=== Exercise instructions ===
Check every line of the records below for the string "this" and copy the ones that have it.

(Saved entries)

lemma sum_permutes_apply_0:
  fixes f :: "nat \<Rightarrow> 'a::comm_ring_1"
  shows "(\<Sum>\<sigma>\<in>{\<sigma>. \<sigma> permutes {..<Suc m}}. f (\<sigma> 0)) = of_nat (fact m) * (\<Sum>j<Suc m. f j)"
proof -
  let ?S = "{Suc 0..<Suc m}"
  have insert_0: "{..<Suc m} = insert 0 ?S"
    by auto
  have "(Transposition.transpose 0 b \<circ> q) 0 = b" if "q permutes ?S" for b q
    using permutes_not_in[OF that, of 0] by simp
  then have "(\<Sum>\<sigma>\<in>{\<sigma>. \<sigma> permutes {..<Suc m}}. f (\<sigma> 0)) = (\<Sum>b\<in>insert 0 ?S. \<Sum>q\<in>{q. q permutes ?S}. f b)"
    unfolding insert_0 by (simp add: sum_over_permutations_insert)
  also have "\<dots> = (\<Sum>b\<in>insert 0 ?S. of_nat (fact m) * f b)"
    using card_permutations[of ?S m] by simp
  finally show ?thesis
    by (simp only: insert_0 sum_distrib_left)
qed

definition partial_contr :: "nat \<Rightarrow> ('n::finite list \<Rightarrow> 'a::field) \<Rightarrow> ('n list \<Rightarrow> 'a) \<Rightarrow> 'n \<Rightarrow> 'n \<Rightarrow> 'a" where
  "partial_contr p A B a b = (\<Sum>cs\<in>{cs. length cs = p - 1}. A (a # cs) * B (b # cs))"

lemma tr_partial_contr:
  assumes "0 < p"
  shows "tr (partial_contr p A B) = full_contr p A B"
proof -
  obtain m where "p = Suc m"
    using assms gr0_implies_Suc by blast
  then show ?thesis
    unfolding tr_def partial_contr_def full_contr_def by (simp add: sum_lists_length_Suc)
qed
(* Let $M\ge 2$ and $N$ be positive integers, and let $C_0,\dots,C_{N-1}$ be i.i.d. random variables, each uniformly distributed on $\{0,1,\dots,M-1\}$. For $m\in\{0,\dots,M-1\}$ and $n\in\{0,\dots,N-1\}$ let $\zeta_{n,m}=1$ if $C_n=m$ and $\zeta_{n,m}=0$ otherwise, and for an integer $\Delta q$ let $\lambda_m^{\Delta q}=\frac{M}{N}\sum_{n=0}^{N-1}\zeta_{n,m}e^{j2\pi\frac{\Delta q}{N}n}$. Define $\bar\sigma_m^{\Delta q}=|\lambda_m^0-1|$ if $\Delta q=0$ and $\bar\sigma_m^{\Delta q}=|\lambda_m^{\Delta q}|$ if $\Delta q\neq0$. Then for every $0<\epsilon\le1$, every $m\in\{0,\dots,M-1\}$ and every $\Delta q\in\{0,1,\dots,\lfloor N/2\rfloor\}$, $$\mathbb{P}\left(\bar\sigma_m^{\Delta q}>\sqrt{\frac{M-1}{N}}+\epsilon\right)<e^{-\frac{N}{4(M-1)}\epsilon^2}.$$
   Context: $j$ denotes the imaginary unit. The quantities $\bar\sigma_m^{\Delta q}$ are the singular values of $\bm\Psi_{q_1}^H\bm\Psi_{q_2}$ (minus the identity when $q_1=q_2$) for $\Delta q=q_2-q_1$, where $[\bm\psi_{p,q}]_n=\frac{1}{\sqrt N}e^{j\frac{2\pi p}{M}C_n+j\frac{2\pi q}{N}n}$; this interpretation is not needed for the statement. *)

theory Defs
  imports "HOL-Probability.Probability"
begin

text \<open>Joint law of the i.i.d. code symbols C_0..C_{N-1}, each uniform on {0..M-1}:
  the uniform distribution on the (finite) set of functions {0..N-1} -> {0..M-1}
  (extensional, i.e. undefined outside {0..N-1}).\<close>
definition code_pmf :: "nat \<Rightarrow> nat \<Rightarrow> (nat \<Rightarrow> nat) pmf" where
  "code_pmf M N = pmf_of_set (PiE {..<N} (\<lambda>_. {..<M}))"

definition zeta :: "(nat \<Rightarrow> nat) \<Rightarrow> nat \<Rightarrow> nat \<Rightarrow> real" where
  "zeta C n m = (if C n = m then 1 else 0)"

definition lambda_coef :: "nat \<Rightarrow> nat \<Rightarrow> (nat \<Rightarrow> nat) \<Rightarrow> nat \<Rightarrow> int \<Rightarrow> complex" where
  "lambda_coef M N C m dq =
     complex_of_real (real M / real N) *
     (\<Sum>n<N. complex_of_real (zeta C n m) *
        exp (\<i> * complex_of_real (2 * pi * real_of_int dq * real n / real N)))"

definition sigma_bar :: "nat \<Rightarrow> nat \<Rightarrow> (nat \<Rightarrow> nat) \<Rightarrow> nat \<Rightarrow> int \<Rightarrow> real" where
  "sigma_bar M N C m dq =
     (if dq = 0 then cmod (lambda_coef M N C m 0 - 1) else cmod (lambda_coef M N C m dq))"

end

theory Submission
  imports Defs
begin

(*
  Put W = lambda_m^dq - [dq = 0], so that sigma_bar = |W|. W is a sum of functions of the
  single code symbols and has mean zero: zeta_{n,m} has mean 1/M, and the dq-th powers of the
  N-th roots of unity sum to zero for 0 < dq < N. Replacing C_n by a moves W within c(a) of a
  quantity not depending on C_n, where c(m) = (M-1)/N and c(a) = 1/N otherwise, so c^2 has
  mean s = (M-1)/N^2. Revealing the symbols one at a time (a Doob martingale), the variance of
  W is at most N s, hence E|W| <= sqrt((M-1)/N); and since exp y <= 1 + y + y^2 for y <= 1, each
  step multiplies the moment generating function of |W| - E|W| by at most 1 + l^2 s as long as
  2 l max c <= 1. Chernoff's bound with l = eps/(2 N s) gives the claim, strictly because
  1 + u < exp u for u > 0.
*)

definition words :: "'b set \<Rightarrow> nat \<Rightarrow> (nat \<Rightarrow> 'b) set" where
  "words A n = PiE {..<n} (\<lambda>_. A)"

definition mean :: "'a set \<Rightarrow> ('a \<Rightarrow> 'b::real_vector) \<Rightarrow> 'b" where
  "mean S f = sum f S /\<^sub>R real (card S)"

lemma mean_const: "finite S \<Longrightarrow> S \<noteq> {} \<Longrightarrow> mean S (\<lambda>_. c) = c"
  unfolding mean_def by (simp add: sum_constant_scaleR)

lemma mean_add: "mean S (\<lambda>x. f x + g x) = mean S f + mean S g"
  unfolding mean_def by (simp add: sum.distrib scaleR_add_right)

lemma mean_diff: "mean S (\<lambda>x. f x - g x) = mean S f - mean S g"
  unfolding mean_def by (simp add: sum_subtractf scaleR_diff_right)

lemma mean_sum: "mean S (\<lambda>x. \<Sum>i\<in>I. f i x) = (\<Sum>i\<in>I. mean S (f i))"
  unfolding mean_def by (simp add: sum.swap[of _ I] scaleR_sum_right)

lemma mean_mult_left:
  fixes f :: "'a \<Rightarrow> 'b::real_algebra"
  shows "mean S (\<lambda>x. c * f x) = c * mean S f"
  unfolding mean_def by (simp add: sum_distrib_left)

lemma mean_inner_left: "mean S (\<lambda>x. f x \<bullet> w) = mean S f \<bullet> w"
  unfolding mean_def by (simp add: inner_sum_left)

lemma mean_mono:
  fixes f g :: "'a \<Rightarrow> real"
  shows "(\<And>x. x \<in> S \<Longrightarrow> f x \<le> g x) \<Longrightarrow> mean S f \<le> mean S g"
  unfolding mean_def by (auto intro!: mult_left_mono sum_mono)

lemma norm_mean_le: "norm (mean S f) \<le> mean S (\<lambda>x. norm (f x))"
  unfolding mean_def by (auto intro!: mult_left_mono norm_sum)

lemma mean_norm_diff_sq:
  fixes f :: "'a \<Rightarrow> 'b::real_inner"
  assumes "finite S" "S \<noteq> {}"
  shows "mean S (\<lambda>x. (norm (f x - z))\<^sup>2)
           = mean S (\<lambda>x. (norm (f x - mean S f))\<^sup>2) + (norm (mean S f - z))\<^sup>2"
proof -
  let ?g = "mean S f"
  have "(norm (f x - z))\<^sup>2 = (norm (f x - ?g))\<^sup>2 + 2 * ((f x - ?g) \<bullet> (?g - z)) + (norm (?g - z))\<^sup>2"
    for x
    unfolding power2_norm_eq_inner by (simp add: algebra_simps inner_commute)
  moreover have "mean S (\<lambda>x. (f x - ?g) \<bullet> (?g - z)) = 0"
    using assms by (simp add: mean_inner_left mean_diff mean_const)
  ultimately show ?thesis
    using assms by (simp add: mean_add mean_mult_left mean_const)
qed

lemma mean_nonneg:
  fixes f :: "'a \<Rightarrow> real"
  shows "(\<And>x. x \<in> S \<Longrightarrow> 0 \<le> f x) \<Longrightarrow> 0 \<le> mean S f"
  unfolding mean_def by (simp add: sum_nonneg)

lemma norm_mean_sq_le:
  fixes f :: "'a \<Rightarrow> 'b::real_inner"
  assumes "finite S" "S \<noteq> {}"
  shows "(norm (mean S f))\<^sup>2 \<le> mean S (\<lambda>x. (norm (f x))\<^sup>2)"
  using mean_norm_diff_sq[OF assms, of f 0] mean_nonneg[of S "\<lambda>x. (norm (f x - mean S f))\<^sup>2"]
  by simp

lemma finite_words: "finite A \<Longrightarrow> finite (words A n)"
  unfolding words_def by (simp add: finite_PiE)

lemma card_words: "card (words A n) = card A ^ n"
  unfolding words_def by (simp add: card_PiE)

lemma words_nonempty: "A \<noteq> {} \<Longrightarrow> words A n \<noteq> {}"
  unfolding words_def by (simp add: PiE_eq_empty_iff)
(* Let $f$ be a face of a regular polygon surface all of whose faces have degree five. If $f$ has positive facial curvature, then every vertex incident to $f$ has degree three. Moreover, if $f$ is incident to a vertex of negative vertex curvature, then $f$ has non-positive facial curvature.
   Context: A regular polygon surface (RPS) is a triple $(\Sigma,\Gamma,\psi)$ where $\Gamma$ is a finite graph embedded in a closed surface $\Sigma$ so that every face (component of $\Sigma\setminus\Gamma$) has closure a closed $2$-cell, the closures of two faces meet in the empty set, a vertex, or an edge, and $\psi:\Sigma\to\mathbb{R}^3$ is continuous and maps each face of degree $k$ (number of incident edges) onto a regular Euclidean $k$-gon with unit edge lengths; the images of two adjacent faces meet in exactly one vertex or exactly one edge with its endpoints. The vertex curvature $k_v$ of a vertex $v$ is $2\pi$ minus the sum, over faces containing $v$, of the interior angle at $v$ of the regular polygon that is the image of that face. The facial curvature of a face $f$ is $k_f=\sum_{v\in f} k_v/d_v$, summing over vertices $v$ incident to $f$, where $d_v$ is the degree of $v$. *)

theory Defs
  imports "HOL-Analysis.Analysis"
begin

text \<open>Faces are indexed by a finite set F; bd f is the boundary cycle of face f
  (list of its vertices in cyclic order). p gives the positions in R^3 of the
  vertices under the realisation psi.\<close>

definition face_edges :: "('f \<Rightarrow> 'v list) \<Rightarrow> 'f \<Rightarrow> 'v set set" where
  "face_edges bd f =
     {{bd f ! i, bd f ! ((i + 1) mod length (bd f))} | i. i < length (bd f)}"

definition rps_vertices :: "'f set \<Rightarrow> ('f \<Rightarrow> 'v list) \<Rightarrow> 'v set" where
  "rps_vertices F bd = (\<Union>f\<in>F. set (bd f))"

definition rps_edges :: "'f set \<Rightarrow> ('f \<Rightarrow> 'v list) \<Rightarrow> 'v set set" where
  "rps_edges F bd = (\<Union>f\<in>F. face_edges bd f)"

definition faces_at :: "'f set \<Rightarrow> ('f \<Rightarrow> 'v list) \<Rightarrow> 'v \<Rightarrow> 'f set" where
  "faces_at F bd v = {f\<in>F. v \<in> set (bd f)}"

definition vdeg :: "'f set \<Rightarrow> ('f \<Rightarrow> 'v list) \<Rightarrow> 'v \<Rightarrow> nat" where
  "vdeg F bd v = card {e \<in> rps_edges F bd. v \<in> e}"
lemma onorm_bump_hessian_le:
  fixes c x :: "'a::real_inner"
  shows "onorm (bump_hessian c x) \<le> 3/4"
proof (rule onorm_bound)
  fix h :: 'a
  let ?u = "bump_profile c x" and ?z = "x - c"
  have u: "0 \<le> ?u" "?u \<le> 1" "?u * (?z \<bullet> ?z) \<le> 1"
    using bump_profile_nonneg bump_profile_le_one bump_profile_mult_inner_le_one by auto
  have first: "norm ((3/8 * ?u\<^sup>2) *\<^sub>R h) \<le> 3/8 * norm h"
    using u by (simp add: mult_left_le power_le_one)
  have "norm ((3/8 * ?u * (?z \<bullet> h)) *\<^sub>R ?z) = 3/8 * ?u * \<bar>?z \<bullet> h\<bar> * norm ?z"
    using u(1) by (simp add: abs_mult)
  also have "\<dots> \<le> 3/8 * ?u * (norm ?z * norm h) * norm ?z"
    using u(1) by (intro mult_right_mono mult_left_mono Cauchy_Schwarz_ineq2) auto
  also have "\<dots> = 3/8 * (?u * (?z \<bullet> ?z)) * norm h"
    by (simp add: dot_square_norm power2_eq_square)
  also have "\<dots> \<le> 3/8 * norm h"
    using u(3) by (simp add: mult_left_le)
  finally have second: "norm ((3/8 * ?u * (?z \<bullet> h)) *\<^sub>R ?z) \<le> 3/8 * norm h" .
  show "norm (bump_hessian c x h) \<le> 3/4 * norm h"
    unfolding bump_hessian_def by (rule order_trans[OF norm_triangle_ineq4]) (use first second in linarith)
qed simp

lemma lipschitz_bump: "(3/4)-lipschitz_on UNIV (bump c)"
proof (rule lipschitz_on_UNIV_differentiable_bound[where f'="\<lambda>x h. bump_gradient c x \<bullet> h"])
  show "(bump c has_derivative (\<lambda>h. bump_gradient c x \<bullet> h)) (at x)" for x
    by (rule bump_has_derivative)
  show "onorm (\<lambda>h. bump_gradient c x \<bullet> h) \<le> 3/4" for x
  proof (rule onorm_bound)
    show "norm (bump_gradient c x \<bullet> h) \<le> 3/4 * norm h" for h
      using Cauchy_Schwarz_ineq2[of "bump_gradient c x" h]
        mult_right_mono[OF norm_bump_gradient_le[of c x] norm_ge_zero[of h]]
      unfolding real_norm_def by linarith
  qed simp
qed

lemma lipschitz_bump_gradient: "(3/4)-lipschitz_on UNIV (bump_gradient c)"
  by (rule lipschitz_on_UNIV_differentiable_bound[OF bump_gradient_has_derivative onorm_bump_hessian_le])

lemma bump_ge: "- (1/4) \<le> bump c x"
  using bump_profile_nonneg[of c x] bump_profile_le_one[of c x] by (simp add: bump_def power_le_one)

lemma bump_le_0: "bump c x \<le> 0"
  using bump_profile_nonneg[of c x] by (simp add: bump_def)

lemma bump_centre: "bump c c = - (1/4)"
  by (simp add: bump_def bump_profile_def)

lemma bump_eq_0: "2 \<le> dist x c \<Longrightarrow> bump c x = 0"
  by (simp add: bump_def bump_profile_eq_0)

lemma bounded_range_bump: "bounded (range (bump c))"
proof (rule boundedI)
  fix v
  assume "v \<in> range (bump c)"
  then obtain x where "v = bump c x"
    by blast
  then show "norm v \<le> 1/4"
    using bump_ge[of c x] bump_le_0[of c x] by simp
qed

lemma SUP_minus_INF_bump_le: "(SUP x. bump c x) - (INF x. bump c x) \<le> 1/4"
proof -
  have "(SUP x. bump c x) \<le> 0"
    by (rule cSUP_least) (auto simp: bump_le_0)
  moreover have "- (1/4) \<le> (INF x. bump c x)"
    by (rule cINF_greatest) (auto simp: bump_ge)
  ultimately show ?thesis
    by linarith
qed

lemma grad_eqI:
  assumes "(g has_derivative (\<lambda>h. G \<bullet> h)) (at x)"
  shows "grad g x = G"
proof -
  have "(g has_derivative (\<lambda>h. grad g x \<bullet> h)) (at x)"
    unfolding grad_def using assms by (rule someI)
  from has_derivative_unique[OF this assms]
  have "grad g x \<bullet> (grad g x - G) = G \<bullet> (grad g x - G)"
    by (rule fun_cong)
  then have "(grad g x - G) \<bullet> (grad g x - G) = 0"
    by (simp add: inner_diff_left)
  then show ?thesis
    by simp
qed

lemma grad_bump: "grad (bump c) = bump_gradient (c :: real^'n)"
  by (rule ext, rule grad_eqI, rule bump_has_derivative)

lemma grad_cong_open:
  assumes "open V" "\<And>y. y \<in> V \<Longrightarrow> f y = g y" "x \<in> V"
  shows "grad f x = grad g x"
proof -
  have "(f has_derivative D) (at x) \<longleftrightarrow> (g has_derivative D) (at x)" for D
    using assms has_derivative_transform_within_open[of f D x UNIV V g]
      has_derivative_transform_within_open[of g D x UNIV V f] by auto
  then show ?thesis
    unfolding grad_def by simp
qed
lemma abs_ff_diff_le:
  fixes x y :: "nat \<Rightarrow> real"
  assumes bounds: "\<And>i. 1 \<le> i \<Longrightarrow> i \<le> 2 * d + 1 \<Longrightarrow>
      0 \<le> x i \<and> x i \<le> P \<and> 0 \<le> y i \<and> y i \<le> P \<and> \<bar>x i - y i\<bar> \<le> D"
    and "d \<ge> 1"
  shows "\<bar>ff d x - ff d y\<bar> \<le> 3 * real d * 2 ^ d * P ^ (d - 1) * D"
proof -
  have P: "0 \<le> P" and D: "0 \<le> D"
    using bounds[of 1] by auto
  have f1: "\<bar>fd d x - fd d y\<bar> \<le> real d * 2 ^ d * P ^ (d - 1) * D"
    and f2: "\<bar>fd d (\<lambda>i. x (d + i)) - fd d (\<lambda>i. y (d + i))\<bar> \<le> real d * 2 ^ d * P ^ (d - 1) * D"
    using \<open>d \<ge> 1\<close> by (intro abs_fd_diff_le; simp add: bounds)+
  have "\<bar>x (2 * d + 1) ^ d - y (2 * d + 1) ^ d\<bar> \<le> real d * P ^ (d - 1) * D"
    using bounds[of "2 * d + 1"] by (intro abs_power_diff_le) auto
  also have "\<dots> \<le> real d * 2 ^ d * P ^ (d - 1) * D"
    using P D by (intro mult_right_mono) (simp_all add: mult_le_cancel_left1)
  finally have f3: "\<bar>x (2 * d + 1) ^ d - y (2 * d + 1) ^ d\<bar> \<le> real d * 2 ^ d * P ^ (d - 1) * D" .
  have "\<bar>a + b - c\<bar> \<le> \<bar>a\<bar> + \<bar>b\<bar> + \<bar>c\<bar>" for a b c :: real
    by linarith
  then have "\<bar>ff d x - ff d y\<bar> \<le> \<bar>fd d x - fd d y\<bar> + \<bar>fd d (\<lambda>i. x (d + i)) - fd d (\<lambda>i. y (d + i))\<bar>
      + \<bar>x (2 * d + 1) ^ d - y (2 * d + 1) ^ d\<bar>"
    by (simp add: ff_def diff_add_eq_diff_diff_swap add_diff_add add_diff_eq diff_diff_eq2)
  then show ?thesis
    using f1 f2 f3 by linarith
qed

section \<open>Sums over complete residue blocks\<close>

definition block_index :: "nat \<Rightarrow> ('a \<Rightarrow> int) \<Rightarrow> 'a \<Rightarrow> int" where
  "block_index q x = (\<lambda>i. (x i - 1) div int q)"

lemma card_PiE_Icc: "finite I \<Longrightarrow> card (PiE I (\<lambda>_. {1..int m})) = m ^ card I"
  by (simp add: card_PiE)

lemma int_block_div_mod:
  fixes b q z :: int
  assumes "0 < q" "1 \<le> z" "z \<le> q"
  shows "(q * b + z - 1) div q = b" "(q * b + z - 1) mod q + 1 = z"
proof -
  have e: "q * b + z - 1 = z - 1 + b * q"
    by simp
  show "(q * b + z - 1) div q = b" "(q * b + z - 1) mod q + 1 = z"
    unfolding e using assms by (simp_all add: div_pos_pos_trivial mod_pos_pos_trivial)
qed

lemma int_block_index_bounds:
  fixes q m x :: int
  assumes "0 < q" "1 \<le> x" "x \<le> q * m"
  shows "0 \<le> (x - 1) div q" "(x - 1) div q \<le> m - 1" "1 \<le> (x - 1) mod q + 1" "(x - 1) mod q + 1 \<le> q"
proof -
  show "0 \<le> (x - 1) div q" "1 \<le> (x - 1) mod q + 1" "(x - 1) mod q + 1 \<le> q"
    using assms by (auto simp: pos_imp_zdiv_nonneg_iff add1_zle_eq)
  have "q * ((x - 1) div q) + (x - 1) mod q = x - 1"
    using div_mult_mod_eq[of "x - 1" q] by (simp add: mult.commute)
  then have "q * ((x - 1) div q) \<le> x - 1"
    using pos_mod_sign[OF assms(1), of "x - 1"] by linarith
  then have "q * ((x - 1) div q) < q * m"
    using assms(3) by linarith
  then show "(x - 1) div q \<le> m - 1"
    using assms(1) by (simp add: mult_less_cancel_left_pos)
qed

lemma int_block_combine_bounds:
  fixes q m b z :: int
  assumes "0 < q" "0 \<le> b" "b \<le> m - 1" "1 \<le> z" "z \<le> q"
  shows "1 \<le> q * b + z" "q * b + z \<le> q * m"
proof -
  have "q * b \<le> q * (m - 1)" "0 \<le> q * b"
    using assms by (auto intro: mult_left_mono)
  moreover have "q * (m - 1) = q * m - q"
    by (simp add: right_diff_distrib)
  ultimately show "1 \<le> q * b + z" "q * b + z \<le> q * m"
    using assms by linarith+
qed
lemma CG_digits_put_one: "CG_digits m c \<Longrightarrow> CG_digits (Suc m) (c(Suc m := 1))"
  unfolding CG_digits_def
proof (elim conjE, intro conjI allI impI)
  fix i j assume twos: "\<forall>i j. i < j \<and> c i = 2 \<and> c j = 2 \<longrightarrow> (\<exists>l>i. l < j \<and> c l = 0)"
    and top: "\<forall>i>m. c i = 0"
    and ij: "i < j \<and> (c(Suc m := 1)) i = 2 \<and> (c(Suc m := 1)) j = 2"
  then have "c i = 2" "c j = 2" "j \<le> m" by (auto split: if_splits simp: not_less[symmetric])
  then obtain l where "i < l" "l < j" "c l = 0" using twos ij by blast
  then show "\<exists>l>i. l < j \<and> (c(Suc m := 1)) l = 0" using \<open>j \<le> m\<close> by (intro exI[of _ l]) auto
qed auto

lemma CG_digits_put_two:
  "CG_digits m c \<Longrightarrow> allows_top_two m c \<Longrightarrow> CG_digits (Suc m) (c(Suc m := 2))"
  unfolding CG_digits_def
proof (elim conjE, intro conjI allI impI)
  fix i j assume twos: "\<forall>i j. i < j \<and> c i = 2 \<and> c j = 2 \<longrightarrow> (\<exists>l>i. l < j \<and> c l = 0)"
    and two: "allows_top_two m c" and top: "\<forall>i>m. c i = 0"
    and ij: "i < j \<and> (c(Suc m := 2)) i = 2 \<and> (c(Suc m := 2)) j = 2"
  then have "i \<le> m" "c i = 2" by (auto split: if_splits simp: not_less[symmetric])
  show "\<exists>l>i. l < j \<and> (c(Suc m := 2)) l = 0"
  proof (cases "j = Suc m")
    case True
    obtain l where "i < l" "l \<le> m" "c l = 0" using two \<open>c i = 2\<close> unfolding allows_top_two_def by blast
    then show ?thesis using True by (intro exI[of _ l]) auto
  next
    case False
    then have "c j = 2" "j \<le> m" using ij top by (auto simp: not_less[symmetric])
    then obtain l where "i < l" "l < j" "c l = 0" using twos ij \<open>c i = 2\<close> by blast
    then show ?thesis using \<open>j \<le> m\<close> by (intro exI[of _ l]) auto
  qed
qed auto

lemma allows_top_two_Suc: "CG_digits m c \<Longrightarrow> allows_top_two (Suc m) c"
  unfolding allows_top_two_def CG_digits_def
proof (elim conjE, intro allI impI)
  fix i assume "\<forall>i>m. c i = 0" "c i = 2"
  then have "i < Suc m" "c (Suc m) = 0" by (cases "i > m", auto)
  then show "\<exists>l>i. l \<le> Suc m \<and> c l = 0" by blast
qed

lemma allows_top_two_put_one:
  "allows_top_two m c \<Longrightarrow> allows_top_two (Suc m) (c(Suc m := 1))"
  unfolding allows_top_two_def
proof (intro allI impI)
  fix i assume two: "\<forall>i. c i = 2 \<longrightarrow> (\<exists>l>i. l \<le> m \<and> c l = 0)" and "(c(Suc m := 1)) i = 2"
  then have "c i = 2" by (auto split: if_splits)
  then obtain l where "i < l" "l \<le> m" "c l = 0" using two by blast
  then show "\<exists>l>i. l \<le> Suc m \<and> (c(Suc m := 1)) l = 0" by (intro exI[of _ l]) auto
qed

=== Answer below ===
   Context: $j$ denotes the imaginary unit. The quantities $\bar\sigma_m^{\Delta q}$ are the singular values of $\bm\Psi_{q_1}^H\bm\Psi_{q_2}$ (minus the identity when $q_1=q_2$) for $\Delta q=q_2-q_1$, where $[\bm\psi_{p,q}]_n=\frac{1}{\sqrt N}e^{j\frac{2\pi p}{M}C_n+j\frac{2\pi q}{N}n}$; this interpretation is not needed for the statement. *)
  from has_derivative_unique[OF this assms]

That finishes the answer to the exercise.